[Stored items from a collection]

• • •

lemma mstar_no_strict_mono:
  fixes mu :: "'g::linordered_ab_group_add set" and f :: "nat \<Rightarrow> 'g"
  assumes "finite mu" "\<And>g. g \<in> mu \<Longrightarrow> g \<le> 0" "range f \<subseteq> mstar mu"
  shows "\<not> strict_mono f"
  using assms
proof (induction mu arbitrary: f rule: finite_induct)
  case empty
  have "mstar {} = {0::'g}" unfolding mstar_def by auto
  then have "f 0 = f 1" using empty.prems(2) by (metis range_subsetD singletonD)
  then show ?case by (auto dest: strict_monoD[of f 0 1])
next
  case (insert g mu)
  show ?case
  proof
    assume f: "strict_mono f"
    have "\<forall>i. \<exists>n m. m \<in> mstar mu \<and> f i = sum_list (replicate n g) + m"
    proof
      fix i
      have "f i \<in> mstar (insert g mu)" using insert.prems(2) by auto
      then obtain n m where "m \<in> mstar mu" "f i = sum_list (replicate n g) + m"
        by (rule mstar_insert_decompose)
      then show "\<exists>n m. m \<in> mstar mu \<and> f i = sum_list (replicate n g) + m" by blast
    qed
    then obtain N m where Nm: "\<And>i. m i \<in> mstar mu" "\<And>i. f i = sum_list (replicate (N i) g) + m i"
      by metis
    obtain h where h: "strict_mono h" "incseq (N \<circ> h)"
      using nat_seq_incseq_subseq by blast
    \<comment> \<open>along \<open>h\<close> the \<open>g\<close>-part is nonincreasing, so the \<open>\<mu>\<close>-part must still increase strictly\<close>
    have "strict_mono (m \<circ> h)"
    proof (rule strict_monoI)
      fix i j :: nat
      assume "i < j"
      then have "f (h i) < f (h j)" using f h(1) by (simp add: strict_mono_def)
      moreover have "sum_list (replicate (N (h j)) g) \<le> sum_list (replicate (N (h i)) g)"
        using sum_list_replicate_antimono[of g] insert.prems(1) h(2) \<open>i < j\<close>
        by (simp add: incseq_def)
      ultimately have "f (h i) + - sum_list (replicate (N (h i)) g)
          < f (h j) + - sum_list (replicate (N (h j)) g)"
        by (intro add_less_le_mono) simp_all
      then show "(m \<circ> h) i < (m \<circ> h) j" using Nm(2) by simp
    qed
    moreover have "range (m \<circ> h) \<subseteq> mstar mu" using Nm(1) by auto
    moreover have "\<And>g'. g' \<in> mu \<Longrightarrow> g' \<le> 0" using insert.prems(1) by simp
    ultimately show False using insert.IH by blast
  qed
qed

lemma mstar_subset_has_greatest:
  fixes mu :: "'g::linordered_ab_group_add set"
  assumes "finite mu" "\<And>g. g \<in> mu \<Longrightarrow> g \<le> 0" "S \<subseteq> mstar mu" "x \<in> S"
  obtains z where "z \<in> S" "\<And>y. y \<in> S \<Longrightarrow> y \<le> z"
proof -
  let ?R = "{(y, x). x \<in> S \<and> y \<in> S \<and> x < y}"
  have "wf ?R"
  proof (unfold wf_iff_no_infinite_down_chain, rule notI)
    assume "\<exists>f. \<forall>i. (f (Suc i), f i) \<in> ?R"
    then obtain f where "\<And>i. (f (Suc i), f i) \<in> ?R" by blast
    then have "strict_mono f" "range f \<subseteq> mstar mu"
      using assms(3) by (auto simp: strict_mono_Suc_iff)
    then show False using mstar_no_strict_mono assms(1,2) by blast
  qed
  then obtain z where z: "z \<in> S" "\<And>y. (y, z) \<in> ?R \<Longrightarrow> y \<notin> S"
    using assms(4) by (rule wfE_min) blast
  have "y \<le> z" if "y \<in> S" for y
  proof (rule ccontr)
    assume "\<not> y \<le> z"
    then have "(y, z) \<in> ?R" using that z(1) by simp
    then show False using z(2) that by blast
  qed
  then show ?thesis using that z(1) by blast
qed

lemma grid_based_subset_has_greatest:
  fixes T :: "'g::linordered_ab_group_add set"
  assumes "grid_based T" "S \<subseteq> T" "x \<in> S"
  obtains z where "z \<in> S" "\<And>y. y \<in> S \<Longrightarrow> y \<le> z"
proof -
  obtain mu n where mu: "ratio_set mu" and T: "T \<subseteq> {n + m | m. m \<in> mstar mu}"
    using assms(1) grid_based_def by blast
  have fin: "finite mu" and nonpos: "\<And>g. g \<in> mu \<Longrightarrow> g \<le> 0"
    using mu unfolding ratio_set_def by auto
  have shifted: "(\<lambda>y. y - n) ` S \<subseteq> mstar mu"
  proof
    fix w
    assume "w \<in> (\<lambda>y. y - n) ` S"
    then obtain y where "y \<in> S" "w = y - n" by blast
    moreover obtain m where "m \<in> mstar mu" "y = n + m"
      using T assms(2) \<open>y \<in> S\<close> by blast
    ultimately show "w \<in> mstar mu" by simp
  qed
  have "x - n \<in> (\<lambda>y. y - n) ` S" using assms(3) by blast
  then obtain z where z: "z \<in> (\<lambda>y. y - n) ` S" "\<And>y. y \<in> (\<lambda>y. y - n) ` S \<Longrightarrow> y \<le> z"
    using mstar_subset_has_greatest[OF fin nonpos shifted] by blast
  obtain z' where "z' \<in> S" "z = z' - n" using z(1) by blast
  have "y \<le> z'" if "y \<in> S" for y
  proof -
    have "y - n \<le> z' - n" using z(2) that \<open>z = z' - n\<close> by blast
    then show "y \<le> z'" by simp
  qed
  then show ?thesis using that \<open>z' \<in> S\<close> by blast
qed

lemma supp_ser_mult_decompose:
  assumes "x \<in> supp (ser_mult A B)"
  obtains a b where "a \<in> supp A" "b \<in> supp B" "a + b = x"
proof -
  have "ser_mult A B x \<noteq> 0" using assms by (simp add: supp_def)
  then have "{(a, b). a \<in> supp A \<and> b \<in> supp B \<and> a + b = x} \<noteq> {}"
    unfolding ser_mult_def by (metis sum.empty)
  then show ?thesis using that by blast
qed

lemma supp_ser_mult_unique_decomposition:
  assumes "a0 \<in> supp A" "b0 \<in> supp B"
    and "\<And>a b. a \<in> supp A \<Longrightarrow> b \<in> supp B \<Longrightarrow> a + b = a0 + b0 \<Longrightarrow> a = a0"
  shows "a0 + b0 \<in> supp (ser_mult A B)"
proof -
  have "{(a, b). a \<in> supp A \<and> b \<in> supp B \<and> a + b = a0 + b0} = {(a0, b0)}"
    using assms by auto (metis add_left_cancel)
  then have "ser_mult A B (a0 + b0) = A a0 * B b0"
    unfolding ser_mult_def by simp
  then show ?thesis using assms(1,2) by (simp add: supp_def)
qed

lemma mag_greatest:
  assumes "gb_series T" "T \<noteq> (\<lambda>_. 0)"
  shows mag_in_supp: "mag T \<in> supp T" and le_mag: "b \<in> supp T \<Longrightarrow> b \<le> mag T"
proof -
  obtain x where "x \<in> supp T" using assms(2) unfolding supp_def by auto
  then obtain z where z: "z \<in> supp T" "\<And>y. y \<in> supp T \<Longrightarrow> y \<le> z"
    using grid_based_subset_has_greatest assms(1) unfolding gb_series_def by blast
  then have "mag T = z" unfolding mag_def by (intro Greatest_equality) auto
  then show "mag T \<in> supp T" "b \<in> supp T \<Longrightarrow> b \<le> mag T" using z by auto
qed

lemma witnesses_diff_mag: "witnesses mu T \<Longrightarrow> b \<in> supp T \<Longrightarrow> b - mag T \<in> mstar mu"
  unfolding witnesses_def by force

lemma supp_ser_mult_witnessed:
  assumes A: "gb_series A" and B: "gb_series B" "witnesses mu B"
    and "a' \<in> supp A" "a1 - a' \<in> mstar mu"
  obtains a where "a \<in> supp A" "a1 - a \<in> mstar mu" "a + mag B \<in> supp (ser_mult A B)"
proof -
  define T where "T = {a \<in> supp A. a1 - a \<in> mstar mu}"
  obtain a where a: "a \<in> T" "\<And>y. y \<in> T \<Longrightarrow> y \<le> a"
    using grid_based_subset_has_greatest[of "supp A" T a'] A assms(4,5)
    unfolding gb_series_def T_def by blast
  have B0: "B \<noteq> (\<lambda>_. 0)" using B(2) unfolding witnesses_def by simp
  have "a + mag B \<in> supp (ser_mult A B)"
  proof (rule supp_ser_mult_unique_decomposition)
    show "a \<in> supp A" using a(1) T_def by simp
    show "mag B \<in> supp B" using mag_in_supp[OF B(1) B0] .
  next
    fix a'' b
    assume a'': "a'' \<in> supp A" and b: "b \<in> supp B" and sum: "a'' + b = a + mag B"
    have "a1 - a'' = (a1 - a) + (b - mag B)"
      using sum by (simp add: algebra_simps eq_diff_eq)
    also have "\<dots> \<in> mstar mu"
      using a(1) witnesses_diff_mag[OF B(2) b] unfolding T_def by (blast intro: mstar_add)
    finally have "a'' \<in> T" using a'' unfolding T_def by blast
    then have "a'' \<le> a" using a(2) by blast
    moreover have "a + mag B \<le> a'' + mag B"
      using sum le_mag[OF B(1) B0 b] by (metis add_left_mono)
    ultimately show "a'' = a" by simp
  qed
  then show ?thesis using that a(1) T_def by blast
qed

• • •

From the records above, extract exactly and only the lines that begin at the line with "using assms by auto" and stop after the line with "obtains a where".

Written solution:
    using assms by auto (metis add_left_cancel)
  then have "ser_mult A B (a0 + b0) = A a0 * B b0"
    unfolding ser_mult_def by simp
  then show ?thesis using assms(1,2) by (simp add: supp_def)
qed

lemma mag_greatest:
  assumes "gb_series T" "T \<noteq> (\<lambda>_. 0)"
  shows mag_in_supp: "mag T \<in> supp T" and le_mag: "b \<in> supp T \<Longrightarrow> b \<le> mag T"
proof -
  obtain x where "x \<in> supp T" using assms(2) unfolding supp_def by auto
  then obtain z where z: "z \<in> supp T" "\<And>y. y \<in> supp T \<Longrightarrow> y \<le> z"
    using grid_based_subset_has_greatest assms(1) unfolding gb_series_def by blast
  then have "mag T = z" unfolding mag_def by (intro Greatest_equality) auto
  then show "mag T \<in> supp T" "b \<in> supp T \<Longrightarrow> b \<le> mag T" using z by auto
qed

lemma witnesses_diff_mag: "witnesses mu T \<Longrightarrow> b \<in> supp T \<Longrightarrow> b - mag T \<in> mstar mu"
  unfolding witnesses_def by force

lemma supp_ser_mult_witnessed:
  assumes A: "gb_series A" and B: "gb_series B" "witnesses mu B"
    and "a' \<in> supp A" "a1 - a' \<in> mstar mu"
  obtains a where "a \<in> supp A" "a1 - a \<in> mstar mu" "a + mag B \<in> supp (ser_mult A B)"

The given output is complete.